What you need to do → Every line in the records below that holds "thesis" must be identified and copied.

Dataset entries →
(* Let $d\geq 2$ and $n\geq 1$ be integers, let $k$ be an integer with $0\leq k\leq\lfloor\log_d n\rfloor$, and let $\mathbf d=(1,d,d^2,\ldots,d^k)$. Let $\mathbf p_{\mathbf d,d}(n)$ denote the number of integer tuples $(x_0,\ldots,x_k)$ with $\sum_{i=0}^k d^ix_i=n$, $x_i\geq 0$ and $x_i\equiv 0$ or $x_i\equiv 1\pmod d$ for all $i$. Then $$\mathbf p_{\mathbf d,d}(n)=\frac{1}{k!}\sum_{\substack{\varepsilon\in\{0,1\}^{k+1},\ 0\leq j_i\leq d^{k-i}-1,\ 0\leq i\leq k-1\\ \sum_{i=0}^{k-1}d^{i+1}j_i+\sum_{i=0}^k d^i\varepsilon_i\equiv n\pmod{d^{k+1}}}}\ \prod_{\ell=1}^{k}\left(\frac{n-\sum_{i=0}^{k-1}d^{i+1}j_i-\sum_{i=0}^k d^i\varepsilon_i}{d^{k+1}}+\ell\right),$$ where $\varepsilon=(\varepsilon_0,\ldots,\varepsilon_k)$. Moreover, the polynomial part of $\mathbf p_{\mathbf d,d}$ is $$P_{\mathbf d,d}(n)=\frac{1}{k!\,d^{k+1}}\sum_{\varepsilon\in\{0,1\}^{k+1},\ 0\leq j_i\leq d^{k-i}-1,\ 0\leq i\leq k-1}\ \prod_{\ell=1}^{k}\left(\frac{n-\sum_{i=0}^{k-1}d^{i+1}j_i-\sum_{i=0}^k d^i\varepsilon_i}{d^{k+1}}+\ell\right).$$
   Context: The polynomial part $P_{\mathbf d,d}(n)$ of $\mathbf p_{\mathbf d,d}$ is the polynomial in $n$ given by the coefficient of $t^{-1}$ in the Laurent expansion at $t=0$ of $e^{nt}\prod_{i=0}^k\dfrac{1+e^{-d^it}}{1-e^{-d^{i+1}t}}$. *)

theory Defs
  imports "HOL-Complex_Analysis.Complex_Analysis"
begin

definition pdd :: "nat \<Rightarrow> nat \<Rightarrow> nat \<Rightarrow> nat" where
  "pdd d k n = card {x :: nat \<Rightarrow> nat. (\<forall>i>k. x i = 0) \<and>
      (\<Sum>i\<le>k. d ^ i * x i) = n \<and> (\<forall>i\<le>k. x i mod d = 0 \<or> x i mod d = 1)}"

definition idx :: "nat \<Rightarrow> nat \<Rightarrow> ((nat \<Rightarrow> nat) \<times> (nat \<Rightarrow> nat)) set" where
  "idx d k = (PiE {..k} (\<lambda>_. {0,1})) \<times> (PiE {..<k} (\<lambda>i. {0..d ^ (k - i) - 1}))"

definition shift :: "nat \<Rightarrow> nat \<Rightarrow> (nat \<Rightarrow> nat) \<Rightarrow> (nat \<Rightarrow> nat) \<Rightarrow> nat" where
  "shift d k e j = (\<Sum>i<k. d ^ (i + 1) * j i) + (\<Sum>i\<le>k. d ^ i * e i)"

--

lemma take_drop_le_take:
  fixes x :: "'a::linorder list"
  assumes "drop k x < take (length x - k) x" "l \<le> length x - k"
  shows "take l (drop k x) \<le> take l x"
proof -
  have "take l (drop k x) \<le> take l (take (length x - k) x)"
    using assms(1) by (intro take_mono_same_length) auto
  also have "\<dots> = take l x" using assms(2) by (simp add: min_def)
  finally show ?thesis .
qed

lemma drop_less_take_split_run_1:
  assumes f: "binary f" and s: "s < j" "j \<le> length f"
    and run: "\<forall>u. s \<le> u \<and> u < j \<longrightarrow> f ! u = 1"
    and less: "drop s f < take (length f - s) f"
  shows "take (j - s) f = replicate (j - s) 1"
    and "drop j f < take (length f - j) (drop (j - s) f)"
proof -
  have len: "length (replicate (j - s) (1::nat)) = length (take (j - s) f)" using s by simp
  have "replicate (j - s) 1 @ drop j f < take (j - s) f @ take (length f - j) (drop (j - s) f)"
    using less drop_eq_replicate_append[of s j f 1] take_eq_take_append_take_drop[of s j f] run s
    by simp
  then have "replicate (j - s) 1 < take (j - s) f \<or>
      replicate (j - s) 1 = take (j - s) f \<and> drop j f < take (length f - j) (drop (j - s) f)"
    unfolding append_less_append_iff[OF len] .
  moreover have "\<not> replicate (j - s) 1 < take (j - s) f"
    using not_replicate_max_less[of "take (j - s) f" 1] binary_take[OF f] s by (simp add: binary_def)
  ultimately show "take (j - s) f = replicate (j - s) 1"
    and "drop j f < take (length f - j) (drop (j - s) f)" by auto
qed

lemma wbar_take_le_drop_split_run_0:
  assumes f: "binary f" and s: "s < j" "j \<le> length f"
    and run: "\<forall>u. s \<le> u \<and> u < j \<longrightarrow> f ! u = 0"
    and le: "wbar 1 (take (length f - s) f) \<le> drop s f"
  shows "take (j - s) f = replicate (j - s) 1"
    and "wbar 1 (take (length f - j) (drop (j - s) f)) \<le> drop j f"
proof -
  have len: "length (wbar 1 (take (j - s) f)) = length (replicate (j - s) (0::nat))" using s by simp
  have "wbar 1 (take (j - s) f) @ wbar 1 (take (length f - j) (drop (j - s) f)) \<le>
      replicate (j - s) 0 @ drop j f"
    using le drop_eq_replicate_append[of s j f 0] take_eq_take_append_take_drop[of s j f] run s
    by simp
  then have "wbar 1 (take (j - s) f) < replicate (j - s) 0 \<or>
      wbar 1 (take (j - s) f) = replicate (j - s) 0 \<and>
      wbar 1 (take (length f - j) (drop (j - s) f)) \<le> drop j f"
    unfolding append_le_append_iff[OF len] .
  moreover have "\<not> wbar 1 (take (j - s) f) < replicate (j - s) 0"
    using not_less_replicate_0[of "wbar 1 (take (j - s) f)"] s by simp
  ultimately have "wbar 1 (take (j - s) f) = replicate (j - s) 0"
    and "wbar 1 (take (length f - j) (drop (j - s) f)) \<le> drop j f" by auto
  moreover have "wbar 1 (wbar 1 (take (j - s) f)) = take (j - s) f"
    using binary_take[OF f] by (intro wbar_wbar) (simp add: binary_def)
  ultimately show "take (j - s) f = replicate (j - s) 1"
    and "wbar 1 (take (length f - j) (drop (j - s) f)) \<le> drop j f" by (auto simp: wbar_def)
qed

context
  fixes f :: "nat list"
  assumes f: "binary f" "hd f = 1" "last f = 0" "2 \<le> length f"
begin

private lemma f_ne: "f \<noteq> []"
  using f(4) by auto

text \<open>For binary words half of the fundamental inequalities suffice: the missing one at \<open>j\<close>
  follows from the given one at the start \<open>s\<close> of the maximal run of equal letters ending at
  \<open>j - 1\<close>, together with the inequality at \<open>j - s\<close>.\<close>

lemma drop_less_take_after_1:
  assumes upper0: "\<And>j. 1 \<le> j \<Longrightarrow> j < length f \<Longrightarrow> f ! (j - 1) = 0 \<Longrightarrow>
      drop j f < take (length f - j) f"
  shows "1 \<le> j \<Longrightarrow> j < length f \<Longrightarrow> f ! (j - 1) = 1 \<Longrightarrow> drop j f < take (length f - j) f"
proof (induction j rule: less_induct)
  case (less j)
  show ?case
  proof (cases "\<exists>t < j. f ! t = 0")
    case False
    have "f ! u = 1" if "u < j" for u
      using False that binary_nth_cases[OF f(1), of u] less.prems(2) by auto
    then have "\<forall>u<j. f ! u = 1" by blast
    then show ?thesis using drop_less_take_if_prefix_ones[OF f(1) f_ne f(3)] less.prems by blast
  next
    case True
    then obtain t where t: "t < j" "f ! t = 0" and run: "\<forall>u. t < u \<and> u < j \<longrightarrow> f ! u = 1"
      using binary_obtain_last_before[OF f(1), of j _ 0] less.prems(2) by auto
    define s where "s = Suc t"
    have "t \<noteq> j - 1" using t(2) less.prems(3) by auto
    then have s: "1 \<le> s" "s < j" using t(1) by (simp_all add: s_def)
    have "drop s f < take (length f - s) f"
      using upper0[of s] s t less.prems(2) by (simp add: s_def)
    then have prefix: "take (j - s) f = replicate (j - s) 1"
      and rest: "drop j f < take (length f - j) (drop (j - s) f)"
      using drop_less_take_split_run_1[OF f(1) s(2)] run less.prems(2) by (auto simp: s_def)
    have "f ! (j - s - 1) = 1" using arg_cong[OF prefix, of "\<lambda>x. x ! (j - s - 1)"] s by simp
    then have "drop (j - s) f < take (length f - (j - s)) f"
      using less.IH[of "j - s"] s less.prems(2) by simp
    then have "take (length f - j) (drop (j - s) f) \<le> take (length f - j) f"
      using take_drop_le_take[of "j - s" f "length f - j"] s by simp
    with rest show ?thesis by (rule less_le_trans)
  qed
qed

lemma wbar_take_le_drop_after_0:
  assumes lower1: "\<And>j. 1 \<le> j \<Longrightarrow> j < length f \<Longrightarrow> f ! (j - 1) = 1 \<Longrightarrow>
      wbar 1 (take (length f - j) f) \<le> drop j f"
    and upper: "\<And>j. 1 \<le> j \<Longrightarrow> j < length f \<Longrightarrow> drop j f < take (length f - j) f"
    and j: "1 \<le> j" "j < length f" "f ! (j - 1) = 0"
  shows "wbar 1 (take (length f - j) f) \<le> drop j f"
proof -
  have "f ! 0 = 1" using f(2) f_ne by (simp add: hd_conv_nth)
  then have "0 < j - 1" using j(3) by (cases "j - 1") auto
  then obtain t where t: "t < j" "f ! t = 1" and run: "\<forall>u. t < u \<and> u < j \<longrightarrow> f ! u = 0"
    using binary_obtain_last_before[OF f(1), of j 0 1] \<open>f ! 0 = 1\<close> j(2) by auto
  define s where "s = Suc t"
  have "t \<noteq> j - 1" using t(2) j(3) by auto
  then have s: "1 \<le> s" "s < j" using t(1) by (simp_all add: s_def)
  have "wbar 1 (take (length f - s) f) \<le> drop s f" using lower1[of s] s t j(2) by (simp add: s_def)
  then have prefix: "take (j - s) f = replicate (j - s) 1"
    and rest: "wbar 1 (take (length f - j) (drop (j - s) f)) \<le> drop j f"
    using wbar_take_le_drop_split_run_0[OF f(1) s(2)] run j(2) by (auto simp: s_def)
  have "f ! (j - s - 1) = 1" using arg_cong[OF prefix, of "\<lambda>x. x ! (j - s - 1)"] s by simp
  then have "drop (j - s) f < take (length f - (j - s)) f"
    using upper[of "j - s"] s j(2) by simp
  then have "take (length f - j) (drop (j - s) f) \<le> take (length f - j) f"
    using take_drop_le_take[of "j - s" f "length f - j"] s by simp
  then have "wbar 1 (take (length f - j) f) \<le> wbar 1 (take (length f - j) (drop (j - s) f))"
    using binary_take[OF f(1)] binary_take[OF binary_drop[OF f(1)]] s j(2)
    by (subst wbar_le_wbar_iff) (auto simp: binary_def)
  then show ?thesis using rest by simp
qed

==

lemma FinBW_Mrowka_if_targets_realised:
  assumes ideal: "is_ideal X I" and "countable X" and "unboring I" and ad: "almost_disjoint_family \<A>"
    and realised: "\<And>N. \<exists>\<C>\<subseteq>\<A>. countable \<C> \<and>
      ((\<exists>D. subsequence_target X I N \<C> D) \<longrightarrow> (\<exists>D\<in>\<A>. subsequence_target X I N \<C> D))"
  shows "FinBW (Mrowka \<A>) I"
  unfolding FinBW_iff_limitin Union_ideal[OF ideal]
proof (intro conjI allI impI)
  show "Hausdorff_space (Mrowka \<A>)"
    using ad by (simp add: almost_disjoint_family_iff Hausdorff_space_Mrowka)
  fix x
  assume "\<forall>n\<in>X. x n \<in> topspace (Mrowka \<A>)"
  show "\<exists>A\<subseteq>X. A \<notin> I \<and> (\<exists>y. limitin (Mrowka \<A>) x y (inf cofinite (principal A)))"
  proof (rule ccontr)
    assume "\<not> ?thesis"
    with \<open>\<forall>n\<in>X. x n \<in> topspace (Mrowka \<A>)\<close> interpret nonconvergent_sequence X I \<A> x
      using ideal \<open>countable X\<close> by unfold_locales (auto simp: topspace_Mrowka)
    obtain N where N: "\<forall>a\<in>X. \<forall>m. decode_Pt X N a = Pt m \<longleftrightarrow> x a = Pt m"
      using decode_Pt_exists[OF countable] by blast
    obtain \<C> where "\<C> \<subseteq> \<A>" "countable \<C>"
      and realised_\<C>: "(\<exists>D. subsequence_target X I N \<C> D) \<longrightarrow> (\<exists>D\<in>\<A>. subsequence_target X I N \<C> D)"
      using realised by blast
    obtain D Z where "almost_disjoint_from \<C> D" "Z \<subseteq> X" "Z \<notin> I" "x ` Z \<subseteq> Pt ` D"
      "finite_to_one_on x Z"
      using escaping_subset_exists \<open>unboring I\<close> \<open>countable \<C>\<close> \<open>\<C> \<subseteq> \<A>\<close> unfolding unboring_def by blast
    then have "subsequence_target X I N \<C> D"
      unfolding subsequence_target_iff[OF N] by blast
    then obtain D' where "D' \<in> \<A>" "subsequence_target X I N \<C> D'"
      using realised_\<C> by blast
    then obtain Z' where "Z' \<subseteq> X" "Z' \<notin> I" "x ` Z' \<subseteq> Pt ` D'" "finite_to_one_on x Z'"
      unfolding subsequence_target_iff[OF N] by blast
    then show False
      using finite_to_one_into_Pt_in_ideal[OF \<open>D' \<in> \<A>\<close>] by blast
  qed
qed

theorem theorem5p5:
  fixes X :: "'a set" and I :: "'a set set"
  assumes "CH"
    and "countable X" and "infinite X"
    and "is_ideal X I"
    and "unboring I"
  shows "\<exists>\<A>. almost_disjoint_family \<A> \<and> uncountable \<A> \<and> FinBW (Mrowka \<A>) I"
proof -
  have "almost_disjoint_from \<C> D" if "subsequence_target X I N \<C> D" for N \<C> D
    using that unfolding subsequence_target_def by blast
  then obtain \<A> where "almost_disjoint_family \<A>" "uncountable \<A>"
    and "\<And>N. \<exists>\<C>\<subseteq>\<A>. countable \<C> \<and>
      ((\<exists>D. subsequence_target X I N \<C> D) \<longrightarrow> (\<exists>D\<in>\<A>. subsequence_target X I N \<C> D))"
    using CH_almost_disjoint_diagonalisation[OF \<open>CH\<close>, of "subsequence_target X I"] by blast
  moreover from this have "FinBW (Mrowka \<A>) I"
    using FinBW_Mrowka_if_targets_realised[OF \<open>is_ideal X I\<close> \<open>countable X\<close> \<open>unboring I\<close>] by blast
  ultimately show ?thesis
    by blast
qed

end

Written solution →
  finally show ?thesis .
    then show ?thesis using drop_less_take_if_prefix_ones[OF f(1) f_ne f(3)] less.prems by blast
    with rest show ?thesis by (rule less_le_trans)
  then show ?thesis using rest by simp
    assume "\<not> ?thesis"
  ultimately show ?thesis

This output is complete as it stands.